I think you are overestimating how aligned these models are right now, and very much overestimating how aligned they will be in the future absent massive regulations forcing people to pay massive alignment taxes. They won't be aligned to any users, or any corporations either. Current methods like RLHF will not work on situationally aware, agentic AGIs.

I agree that IF all we had to do to get alignment was the sort of stuff we are currently doing, the world would be as you describe. But instead there will be a significant safety tax.

The last paragraph stood out to me (emphasis mine).

Second, we believe it would be unintuitively risky and difficult to stop the creation of superintelligence. Because the upsides are so tremendous, the cost to build it decreases each year, the number of actors building it is rapidly increasing, and it’s inherently part of the technological path we are on, stopping it would require something like a global surveillance regime, and even that isn’t guaranteed to work. So we have to get it right.

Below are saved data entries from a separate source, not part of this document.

(* Let $\omega$ be a weight function. Then: (a) all Hermite functions $H_\gamma$, $\gamma\in\mathbb N_0^d$, belong to $\mathcal S_{\{\omega\}}(\mathbb R^d)$ if and only if $\omega(t)=O(t^2)$ as $t\to+\infty$; (b) all Hermite functions $H_\gamma$, $\gamma\in\mathbb N_0^d$, belong to $\mathcal S_{(\omega)}(\mathbb R^d)$ if and only if $\omega(t)=o(t^2)$ as $t\to+\infty$.
   Context: A weight function is a continuous increasing function $\omega:[0,+\infty)\to[0,+\infty)$ such that: ($\alpha$) there is $L\ge1$ with $\omega(2t)\le L(\omega(t)+1)$ for all $t\ge0$; ($\beta$) $\omega(t)=O(t^2)$ as $t\to+\infty$; ($\gamma$) $\log t=o(\omega(t))$ as $t\to+\infty$; ($\delta$) $\varphi_\omega(t):=\omega(e^t)$ is convex on $[0,+\infty)$. For $t\in\mathbb R^d$ one sets $\omega(t):=\omega(|t|)$. The Young conjugate is $\varphi_\omega^*(s):=\sup_{t\ge0}\{ts-\varphi_\omega(t)\}$. For $\lambda>0$, $\alpha\in\mathbb N_0^d$, $W^{(\lambda)}_\alpha:=e^{\frac1\lambda\varphi^*_\omega(\lambda|\alpha|)}$ and $\|f\|_{\infty,\mathbf W^{(\lambda)}}:=\sup_{\alpha,\beta\in\mathbb N_0^d}\frac{\|x^\alpha\partial^\beta f\|_\infty}{W^{(\lambda)}_{\alpha+\beta}}$. $\mathcal S_{\{\omega\}}(\mathbb R^d)$ is the set of $f\in C^\infty(\mathbb R^d)$ with $\|f\|_{\infty,\mathbf W^{(\lambda)}}<\infty$ for some $\lambda>0$; $\mathcal S_{(\omega)}(\mathbb R^d)$ is the set with $\|f\|_{\infty,\mathbf W^{(\lambda)}}<\infty$ for all $\lambda>0$. Hermite functions: $H_\gamma(x)=(2^{|\gamma|}\gamma!\pi^{d/2})^{-1/2}h_\gamma(x)e^{-|x|^2/2}$, with $h_\gamma(x)=(-1)^{|\gamma|}e^{|x|^2}\partial^\gamma e^{-|x|^2}$. *)

theory Defs
  imports "HOL-Analysis.Analysis" "HOL-Library.Landau_Symbols"
begin

definition weight_function :: "(real \<Rightarrow> real) \<Rightarrow> bool" where
  "weight_function \<omega> \<longleftrightarrow>
     continuous_on {0..} \<omega> \<and> mono_on {0..} \<omega> \<and> (\<forall>t\<ge>0. \<omega> t \<ge> 0) \<and>
     (\<exists>L\<ge>1. \<forall>t\<ge>0. \<omega> (2 * t) \<le> L * (\<omega> t + 1)) \<and>
     \<omega> \<in> O[at_top](\<lambda>t. t\<^sup>2) \<and>
     (\<lambda>t. ln t) \<in> o[at_top](\<omega>) \<and>
     convex_on {0..} (\<lambda>t. \<omega> (exp t))"

definition phi_star :: "(real \<Rightarrow> real) \<Rightarrow> real \<Rightarrow> real" where
  "phi_star \<omega> s = (SUP t\<in>{0..}. t * s - \<omega> (exp t))"

text \<open>Multi-indices in N_0^d are functions 'n => nat; |alpha| is the sum of entries.\<close>
definition mlen :: "('n::finite \<Rightarrow> nat) \<Rightarrow> nat" where
  "mlen \<alpha> = (\<Sum>i\<in>UNIV. \<alpha> i)"

definition Wseq :: "(real \<Rightarrow> real) \<Rightarrow> real \<Rightarrow> ('n::finite \<Rightarrow> nat) \<Rightarrow> real" where
  "Wseq \<omega> lam \<alpha> = exp ((1 / lam) * phi_star \<omega> (lam * real (mlen \<alpha>)))"

definition partial :: "'n::finite \<Rightarrow> (real^'n \<Rightarrow> real) \<Rightarrow> real^'n \<Rightarrow> real" where
  "partial i f x = deriv (\<lambda>t. f (x + t *\<^sub>R axis i 1)) 0"

definition iter_partial :: "'n::finite list \<Rightarrow> (real^'n \<Rightarrow> real) \<Rightarrow> real^'n \<Rightarrow> real" where
  "iter_partial xs f = foldr partial xs f"

definition smooth_fun :: "(real^'n::finite \<Rightarrow> real) \<Rightarrow> bool" where
  "smooth_fun f \<longleftrightarrow> (\<forall>xs. continuous_on UNIV (iter_partial xs f) \<and>
       (\<forall>i x. (\<lambda>t. iter_partial xs f (x + t *\<^sub>R axis i 1)) differentiable (at 0)))"

text \<open>partial^beta f: differentiate beta i times in direction i (order irrelevant for smooth f).\<close>
definition mpartial :: "('n::finite \<Rightarrow> nat) \<Rightarrow> (real^'n \<Rightarrow> real) \<Rightarrow> real^'n \<Rightarrow> real" where
  "mpartial \<beta> f = iter_partial (SOME xs. \<forall>i. count_list xs i = \<beta> i) f"

definition mpow :: "real^'n::finite \<Rightarrow> ('n \<Rightarrow> nat) \<Rightarrow> real" where
  "mpow x \<alpha> = (\<Prod>i\<in>UNIV. (x $ i) ^ \<alpha> i)"

definition W_norm_finite :: "(real \<Rightarrow> real) \<Rightarrow> real \<Rightarrow> (real^'n::finite \<Rightarrow> real) \<Rightarrow> bool" where
  "W_norm_finite \<omega> lam f \<longleftrightarrow>
     (\<exists>C. \<forall>\<alpha> \<beta> x. \<bar>mpow x \<alpha> * mpartial \<beta> f x\<bar> \<le> C * Wseq \<omega> lam (\<lambda>i. \<alpha> i + \<beta> i))"

definition S_roumieu :: "(real \<Rightarrow> real) \<Rightarrow> (real^'n::finite \<Rightarrow> real) set" where
  "S_roumieu \<omega> = {f. smooth_fun f \<and> (\<exists>lam>0. W_norm_finite \<omega> lam f)}"

definition S_beurling :: "(real \<Rightarrow> real) \<Rightarrow> (real^'n::finite \<Rightarrow> real) set" where
  "S_beurling \<omega> = {f. smooth_fun f \<and> (\<forall>lam>0. W_norm_finite \<omega> lam f)}"

definition hermite_poly :: "('n::finite \<Rightarrow> nat) \<Rightarrow> real^'n \<Rightarrow> real" where
  "hermite_poly \<gamma> x = (-1) ^ mlen \<gamma> * exp ((norm x)\<^sup>2) *
       mpartial \<gamma> (\<lambda>y. exp (- (norm y)\<^sup>2)) x"

definition hermite_fun :: "('n::finite \<Rightarrow> nat) \<Rightarrow> real^'n \<Rightarrow> real" where
  "hermite_fun \<gamma> x =
     (2 ^ mlen \<gamma> * (\<Prod>i\<in>UNIV. fact (\<gamma> i)) * pi powr (real CARD('n) / 2)) powr (-1/2)
     * hermite_poly \<gamma> x * exp (- (norm x)\<^sup>2 / 2)"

There are efforts in AI governance that definitely don't look like "global surveillance regime"! Taking the part above at face value, the authors seem to think that such efforts are not sufficient. But earlier on the post they talk about useful things that one could do in the AI governance field (lab coordination, independent IAEA-like authority), so I'm left confused about the authors' models of what's feasible and what's not.

The passage also makes me worried that the authors are, despite their encouragement of coordination and audits, skeptical or even opposing to efforts to stop building dangerous AIs. (Perhaps this should have already been obvious from OpenAI pushing the capabilities frontier, but anyways.)

When they say stopping I think they refer to stopping it forever, instead of slowing down, regulating and even pausing development.

Which I think is something pretty much everyone agrees on.